Простой вопрос этот заставил Афоньку задуматься.
– А что? – пожал он плечами. – Плохой разве?.. Я ж ему и птичку купил…
Федька отвернулась и закусила губу. Она знала за собой эти приступы: небольшого толчка хватало, задевшее слух слово, голос ребенка – и нечаянная мысль ее замирала вдруг на чем-то пронзительном, вызывая беспричинную судорогу и слезы. С этим не следовало бороться – недолго лишь переждать, глаза заблестят и просохнут, сердечная боль пойдет теплом. Никто ничего не заметит, поправить лишь волосы у виска да провести под глазами.
Да и разговор замялся – что тут скажешь.
Так они прошли лес и долго брели по полю прежде, чем остановились у заставы. Стрелецкий десятник глянул Федькину грамоту и, не читая, махнул рукой.
Оставили полосу серых, растрескавшихся надолбов, что с перерывами
окружали город на пространстве во много верст. Брусья, соединявшие между собой вкопанные в землю столбы, – кобылины – кое-где проломились за ветхостью и упали. Но даже такой призрачной защиты, как местами порушенные, местами недоделанные надолбы хватало, чтобы люди располагались здесь повольготнее: пошли распаханные поля, пастбища с тощими стадами коров, коз и овец вперемешку, свежие пни… И радовали глаз отважно пробиравшиеся куда-то по своим детским надобностям малыши семи или восьми лет… А вот и родители их в поле.Издалека еще, вызывая неясное недоумение, притягивал взгляд корявый дуб у дороги. Вблизи можно было различить прибитые к стволу истлевшие, с обнаженной костью конечности – обрубленные по запястье руки и по колено ноги. То были несомненные уже предвестники города, признаки где-то поблизости расположившегося правосудия. Мезеня с Афонькой переглянулись и покосились исподтишка на подьячего. Никто, однако, не обмолвился словом, молча перекрестились.

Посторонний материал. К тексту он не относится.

lemma decisive_singleton: "\<exists>i<n. decisive {i}"
proof (rule ccontr)
  assume no_singleton: "\<not> ?thesis"
  have "decisive {k..<n}" if "k \<le> n" for k
    using that
  proof (induction k)
    case 0
    then show ?case using decisive_all by (simp add: atLeast0LessThan)
  next
    case (Suc k)
    then have k: "k < n" by simp
    have "\<not> decisive ({..<n} - {k..<n})"
      using decisive_compl[of "{k..<n}"] Suc.IH k by force
    moreover have "{..<n} - {k..<n} = {..<k}" using k by auto
    ultimately have "\<not> decisive {..<k}" by simp
    moreover have "\<not> decisive {k}" using no_singleton k by blast
    moreover have "{k} \<subseteq> {..<n}" "{Suc k..<n} \<subseteq> {..<n}" "{k} \<inter> {Suc k..<n} = {}"
      using k by auto
    then have "decisive {k} \<or> decisive {Suc k..<n} \<or> decisive ({..<n} - {k} - {Suc k..<n})"
      using decisive_partition by blast
    moreover have "{..<n} - {k} - {Suc k..<n} = {..<k}" using k by auto
    ultimately show ?case by metis
  qed
  from this[of n] show False using not_decisive_empty by simp
qed

lemma projection: "\<exists>i<n. \<forall>u. length u = n \<longrightarrow> f u = u ! i"
proof -
  obtain i where i: "i < n" "decisive {i}" using decisive_singleton by blast
  have "f u = u ! i" if "length u = n" for u
  proof -
    have "decisive {j. j < n \<and> u ! j = u ! i}"
      by (rule decisive_mono[OF i(2)]) (use i(1) in auto)
    then show ?thesis using eq_iff_decisive[OF that] by blast
  qed
  then show ?thesis using i(1) by blast
qed

end

theorem const_or_projection:
  "\<exists>s. (\<forall>i. s = Inr i \<longrightarrow> i < n) \<and> (\<forall>u. length u = n \<longrightarrow> f u = eval_symbol s u)"
proof (cases "\<forall>u. length u = n \<longrightarrow> f u \<in> set u")
  case True
  then obtain i where "i < n" "\<forall>u. length u = n \<longrightarrow> f u = u ! i"
    using projection by blast
  then show ?thesis by (intro exI[of _ "Inr i"]) (simp add: eval_symbol_def)
next
  case False
  then obtain u0 where "length u0 = n" "f u0 \<notin> set u0" by blast
  then have "\<forall>u. length u = n \<longrightarrow> f u = f u0"
    using nonconservative_imp_const by blast
  then show ?thesis by (intro exI[of _ "Inl (f u0)"]) (simp add: eval_symbol_def)
qed

end
lemma has_dvec_Chr:
  assumes Fq: "F q \<in> V" and F: "has_dvec F b q Fb" and X: "has_dvec X b q X'" and Y: "has_dvec Y b q Y'"
  shows "has_dvec (\<lambda>p. Chr h (F p) (X p) (Y p)) b q
     (Chr_deriv h (F q) Fb (X q) (Y q) + Chr h (F q) X' (Y q) + Chr h (F q) (X q) Y')"
  unfolding has_dvec_def
proof
  fix k
  have 1: "has_dd (\<lambda>p. Gam h (F p) k a c * X p $ a * Y p $ c) b q
     ((Gam_deriv h (F q) Fb k a c * X q $ a + Gam h (F q) k a c * X' $ a) * Y q $ c + Gam h (F q) k a c * X q $ a * Y' $ c)" for a c
    using has_dd_mult[OF has_dd_mult[OF has_dd_Gam_compose[OF Fq F, of k a c]]] X Y unfolding has_dvec_def by blast
  have 2: "has_dd (\<lambda>p. Chr h (F p) (X p) (Y p) $ k) b q
     (\<Sum>a\<in>UNIV. \<Sum>c\<in>UNIV. (Gam_deriv h (F q) Fb k a c * X q $ a + Gam h (F q) k a c * X' $ a) * Y q $ c + Gam h (F q) k a c * X q $ a * Y' $ c)"
    unfolding Chr_def vec_lambda_beta by (intro has_dd_sum 1) simp_all
  show "has_dd (\<lambda>p. Chr h (F p) (X p) (Y p) $ k) b q
     ((Chr_deriv h (F q) Fb (X q) (Y q) + Chr h (F q) X' (Y q) + Chr h (F q) (X q) Y') $ k)"
    using 2 unfolding Chr_deriv_def Chr_def vec_lambda_beta vector_add_component
    by (simp add: sum.distrib algebra_simps)
qed

lemma Dcov_commutator:
  assumes Fq: "F q \<in> V"
  and Fu: "has_dvec F (1,0) q Fu" and Fv: "has_dvec F (0,1) q Fv"
  and Fvu: "has_dvec (dvec (0,1) F) (1,0) q Fvu" and Fuv: "has_dvec (dvec (1,0) F) (0,1) q Fuv" and Fs: "Fvu = Fuv"
  and Au: "has_dvec A (1,0) q Au" and Av: "has_dvec A (0,1) q Av"
  and Avu: "has_dvec (dvec (0,1) A) (1,0) q Avu" and Auv: "has_dvec (dvec (1,0) A) (0,1) q Auv" and As: "Avu = Auv"
  shows "Dcov h F (1,0) (Dcov h F (0,1) A) q - Dcov h F (0,1) (Dcov h F (1,0) A) q = Rvec h (F q) Fu Fv (A q)"
proof -
  have e1: "Dcov h F (0,1) A = (\<lambda>p. dvec (0,1) A p + Chr h (F p) (dvec (0,1) F p) (A p))"
    by (simp add: fun_eq_iff Dcov_eq_Chr)
  have e2: "Dcov h F (1,0) A = (\<lambda>p. dvec (1,0) A p + Chr h (F p) (dvec (1,0) F p) (A p))"
    by (simp add: fun_eq_iff Dcov_eq_Chr)
  have d1: "has_dvec (Dcov h F (0,1) A) (1,0) q (Avu + (Chr_deriv h (F q) Fu (dvec (0,1) F q) (A q) + Chr h (F q) Fvu (A q) + Chr h (F q) (dvec (0,1) F q) Au))"
    unfolding e1 by (intro has_dvec_add Avu has_dvec_Chr Fq Fu Fvu Au)
  have d2: "has_dvec (Dcov h F (1,0) A) (0,1) q (Auv + (Chr_deriv h (F q) Fv (dvec (1,0) F q) (A q) + Chr h (F q) Fuv (A q) + Chr h (F q) (dvec (1,0) F q) Av))"
    unfolding e2 by (intro has_dvec_add Auv has_dvec_Chr Fq Fv Fuv Av)
  have fu: "dvec (1,0) F q = Fu" and fv: "dvec (0,1) F q = Fv" and au: "dvec (1,0) A q = Au" and av: "dvec (0,1) A q = Av"
    using Fu Fv Au Av by (simp_all add: has_dvec_imp_dvec)
  have "Dcov h F (1,0) (Dcov h F (0,1) A) q =
     Avu + (Chr_deriv h (F q) Fu Fv (A q) + Chr h (F q) Fvu (A q) + Chr h (F q) Fv Au) + Chr h (F q) Fu (Av + Chr h (F q) Fv (A q))"
    unfolding Dcov_eq_Chr[where b="(1,0)" and W="Dcov h F (0,1) A"] has_dvec_imp_dvec[OF d1] fu fv
    by (simp add: Dcov_eq_Chr fv av)
  moreover have "Dcov h F (0,1) (Dcov h F (1,0) A) q =
     Auv + (Chr_deriv h (F q) Fv Fu (A q) + Chr h (F q) Fuv (A q) + Chr h (F q) Fu Av) + Chr h (F q) Fv (Au + Chr h (F q) Fu (A q))"
    unfolding Dcov_eq_Chr[where b="(0,1)" and W="Dcov h F (1,0) A"] has_dvec_imp_dvec[OF d2] fu fv
    by (simp add: Dcov_eq_Chr fu au)
  ultimately show ?thesis using Fs As by (simp add: Rvec_eq_Chr Chr_lin algebra_simps)
qed
lemma nonzero_mat_sandwich_one:
  fixes M :: "'a :: field mat"
  assumes M: "M \<in> carrier_mat p q" and nz: "M \<noteq> 0\<^sub>m p q"
  obtains y e where "y \<in> carrier_mat 1 p" "e \<in> carrier_mat q 1" "y * (M * e) = 1\<^sub>m 1"
proof -
  obtain i j where ij: "i < p" "j < q" and c: "M $$ (i, j) \<noteq> 0"
    using nz M by (metis eq_matI carrier_matD index_zero_mat)
  define e :: "'a mat" where "e = mat q 1 (\<lambda>(l, _). if l = j then 1 else 0)"
  define y :: "'a mat" where "y = mat 1 p (\<lambda>(_, l). if l = i then 1 / M $$ (i, j) else 0)"
  have Me: "(M * e) $$ (i, 0) = M $$ (i, j)"
  proof -
    have "(M * e) $$ (i, 0) = (\<Sum>l \<in> {0..<q}. M $$ (i, l) * (if l = j then 1 else 0))"
      using ij M by (simp add: e_def scalar_prod_def)
    also have "\<dots> = (\<Sum>l \<in> {0..<q}. if l = j then M $$ (i, l) else 0)"
      by (rule sum.cong) auto
    finally show ?thesis using ij by simp
  qed
  have "y * (M * e) = 1\<^sub>m 1"
  proof (rule eq_matI)
    fix a b assume "a < dim_row (1\<^sub>m 1)" "b < dim_col (1\<^sub>m 1)"
    then have ab: "a = 0" "b = 0" by auto
    have "(y * (M * e)) $$ (0, 0)
      = (\<Sum>l \<in> {0..<p}. (if l = i then 1 / M $$ (i, j) else 0) * (M * e) $$ (l, 0))"
      using M by (simp add: y_def e_def scalar_prod_def)
    also have "\<dots> = (\<Sum>l \<in> {0..<p}. if l = i then 1 / M $$ (i, j) * (M * e) $$ (l, 0) else 0)"
      by (rule sum.cong) auto
    also have "\<dots> = 1"
      using ij c Me by simp
    finally show "(y * (M * e)) $$ (a, b) = 1\<^sub>m 1 $$ (a, b)"
      using ab by simp
  qed (auto simp: y_def e_def)
  then show ?thesis
    using that[of y e] by (simp add: y_def e_def)
qed

lemma four_block_mat_upper_left_inverse:
  fixes X Y Z :: "'a :: field mat"
  assumes X: "X \<in> carrier_mat t t" and Xi: "Xi \<in> carrier_mat t t" and XXi: "X * Xi = 1\<^sub>m t"
    and Y: "Y \<in> carrier_mat t p" and Z: "Z \<in> carrier_mat p p" and nz: "Z \<noteq> 0\<^sub>m p p"
  obtains L E where "L \<in> carrier_mat (t + 1) (t + p)" "E \<in> carrier_mat (t + p) (t + 1)"
    "L * (four_block_mat X Y (0\<^sub>m p t) Z * E) = 1\<^sub>m (t + 1)"
proof -
  obtain y e where y: "y \<in> carrier_mat 1 p" and e: "e \<in> carrier_mat p 1"
    and yZe: "y * (Z * e) = 1\<^sub>m 1"
    using nonzero_mat_sandwich_one[OF Z nz] .
  define E where "E = four_block_mat Xi (- (Xi * (Y * e))) (0\<^sub>m p t) e"
  define L where "L = four_block_mat (1\<^sub>m t) (0\<^sub>m t p) (0\<^sub>m 1 t) y"
  have Ye: "Y * e \<in> carrier_mat t 1" using Y e by simp
  have XiYe: "Xi * (Y * e) \<in> carrier_mat t 1" using Xi Ye by simp
  have "X * (Xi * (Y * e)) = Y * e"
    unfolding assoc_mult_mat[OF X Xi Ye, symmetric] XXi by (rule left_mult_one_mat[OF Ye])
  then have "X * - (Xi * (Y * e)) + Y * e = 0\<^sub>m t 1"
    using Ye carrier_matD[OF X] carrier_matD[OF Xi] by simp
  then have "four_block_mat X Y (0\<^sub>m p t) Z * E
    = four_block_mat (1\<^sub>m t) (0\<^sub>m t 1) (0\<^sub>m p t) (Z * e)"
    unfolding E_def using X Xi XXi Y Z e XiYe by (simp add: mult_four_block_mat_upper)
  then have "L * (four_block_mat X Y (0\<^sub>m p t) Z * E) = 1\<^sub>m (t + 1)"
    unfolding L_def using Z y e yZe by (simp add: mult_four_block_mat_upper)
  moreover have "L \<in> carrier_mat (t + 1) (t + p)"
    unfolding L_def by (rule four_block_carrier_mat[OF one_carrier_mat y])
  moreover have "E \<in> carrier_mat (t + p) (t + 1)"
    unfolding E_def by (rule four_block_carrier_mat[OF Xi e])
  ultimately show ?thesis using that by blast
qed

section \<open>The core-EP decomposition\<close>

locale core_ep_decomposition =
  fixes t p :: nat and A T S N U :: "complex mat"
  assumes T [simp]: "T \<in> carrier_mat t t" and T_invertible: "invertible_mat T"
    and S [simp]: "S \<in> carrier_mat t p" and N [simp]: "N \<in> carrier_mat p p"
    and U: "unitary_mat (t + p) U"
    and decomposition: "A = U * four_block_mat T S (0\<^sub>m p t) N * adj U"
begin

abbreviation T_tilde :: "nat \<Rightarrow> complex mat" where
  "T_tilde j \<equiv> mat_sum t p (\<lambda>i. T ^\<^sub>m i * S * N ^\<^sub>m (j - 1 - i)) [0..<j]"

abbreviation ublock :: "complex mat \<Rightarrow> complex mat \<Rightarrow> complex mat \<Rightarrow> complex mat" where
  "ublock X Y Z \<equiv> four_block_mat X Y (0\<^sub>m p t) Z"

definition conj_U :: "complex mat \<Rightarrow> complex mat" where
  "conj_U M = U * M * adj U"

lemma U_carrier [simp]: "U \<in> carrier_mat (t + p) (t + p)"
  and adj_U_mult_U [simp]: "adj U * U = 1\<^sub>m (t + p)"
  and U_mult_adj_U [simp]: "U * adj U = 1\<^sub>m (t + p)"
  using U unfolding unitary_mat_def by auto

lemma dim_U [simp]: "dim_row U = t + p" "dim_col U = t + p"
  by (rule carrier_matD[OF U_carrier])+

lemma adj_U_mult_U_mult [simp]: "dim_row Z = t + p \<Longrightarrow> adj U * (U * Z) = Z"
  by (simp add: assoc_mult_mat'[of "adj U" U Z, symmetric])

lemma inv_T [simp]: "inv_mat T \<in> carrier_mat t t"
  and T_mult_inv_T [simp]: "T * inv_mat T = 1\<^sub>m t"
  and inv_T_mult_T [simp]: "inv_mat T * T = 1\<^sub>m t"
  using inv_mat_inverts[OF T T_invertible] by auto

lemma dim_blocks [simp]:
  "dim_row T = t" "dim_col T = t" "dim_row S = t" "dim_col S = p" "dim_row N = p" "dim_col N = p"
  "dim_row (inv_mat T) = t" "dim_col (inv_mat T) = t"
  using T S N inv_T by (simp_all only: carrier_matD)

lemma T_tilde_carrier [simp]: "T_tilde j \<in> carrier_mat t p"
  by simp

lemma mult_ublock:
  assumes "X \<in> carrier_mat t t" "Y \<in> carrier_mat t p" "Z \<in> carrier_mat p p"
    and "X' \<in> carrier_mat t t" "Y' \<in> carrier_mat t p" "Z' \<in> carrier_mat p p"
  shows "ublock X Y Z * ublock X' Y' Z' = ublock (X * X') (X * Y' + Y * Z') (Z * Z')"
  using assms by (intro mult_four_block_mat_upper) (simp_all add: carrier_matD)

lemma ublock_carrier [simp]:
  "X \<in> carrier_mat t t \<Longrightarrow> Z \<in> carrier_mat p p \<Longrightarrow> ublock X Y Z \<in> carrier_mat (t + p) (t + p)"
  by (rule four_block_carrier_mat)

lemma mat_adjoint_ublock:
  "X \<in> carrier_mat t t \<Longrightarrow> Z \<in> carrier_mat p p \<Longrightarrow>
    adj (ublock X (0\<^sub>m t p) Z) = ublock (adj X) (0\<^sub>m t p) (adj Z)"
  by (simp add: mat_adjoint_four_block_mat[of X t t "0\<^sub>m t p" p "0\<^sub>m p t" p Z])

lemma conj_U_carrier [simp]:
  "M \<in> carrier_mat (t + p) (t + p) \<Longrightarrow> conj_U M \<in> carrier_mat (t + p) (t + p)"
  unfolding conj_U_def by (meson U_carrier mat_adjoint_carrier_mat mult_carrier_mat)

lemma conj_U_mult:
  assumes M: "M \<in> carrier_mat (t + p) (t + p)" and M': "M' \<in> carrier_mat (t + p) (t + p)"
  shows "conj_U M * conj_U M' = conj_U (M * M')"
  unfolding conj_U_def using carrier_matD[OF M] carrier_matD[OF M'] carrier_matD[OF U_carrier]
  by (simp add: assoc_mult_mat')

lemma conj_U_pow:
  assumes M: "M \<in> carrier_mat (t + p) (t + p)"
  shows "conj_U M ^\<^sub>m j = conj_U (M ^\<^sub>m j)"
proof (induct j)
  case 0
  then show ?case
    unfolding conj_U_def using carrier_matD[OF M] carrier_matD[OF U_carrier] by simp
next
  case (Suc j)
  then show ?case using M by (simp add: conj_U_mult)
qed

lemma mat_adjoint_conj_U:
  assumes M: "M \<in> carrier_mat (t + p) (t + p)"
  shows "adj (conj_U M) = conj_U (adj M)"
proof -
  have "adj (U * M * adj U) = U * adj (U * M)"
    using mat_adjoint_mult[OF mult_carrier_mat[OF U_carrier M]
        mat_adjoint_carrier_mat[OF U_carrier]] by simp
  also have "\<dots> = U * adj M * adj U"
    unfolding mat_adjoint_mult[OF U_carrier M] using M by (simp add: assoc_mult_mat')
  finally show ?thesis unfolding conj_U_def .
qed

definition C :: "complex mat" where
  "C = conj_U (ublock (inv_mat T) (0\<^sub>m t p) (0\<^sub>m p p))"

definition Q :: "complex mat" where
  "Q = conj_U (ublock (1\<^sub>m t) (0\<^sub>m t p) (0\<^sub>m p p))"

lemma A_conj_U: "A = conj_U (ublock T S N)"
  unfolding conj_U_def by (rule decomposition)

lemma A_carrier [simp]: "A \<in> carrier_mat (t + p) (t + p)"
  unfolding A_conj_U by simp

lemma A_pow: "A ^\<^sub>m j = conj_U (ublock (T ^\<^sub>m j) (T_tilde j) (N ^\<^sub>m j))"
  unfolding A_conj_U by (simp add: conj_U_pow pow_four_block_mat_upper)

Вскоре путники оставили по левую руку мельницу у запруды. Там тюкали топорами плотники. На берегу пруда задрался в небо жеравец – поворотный шест, чтоб доставать с глубокого места воду. Выше по ручью угадывалась окруженная тыном деревня, и вот – в другую сторону, по дороге показался город, путники прибавили шагу.
Основательный, в два или три человеческих роста частокол, кое-где прорезанный башнями, окружал посад. Сам город, главное укрепление, скрывали от взора возвышавшиеся над краем частокола тесовые и соломенные кровли, главы церквей и колокольни, высокие крытые бочкой повалуши.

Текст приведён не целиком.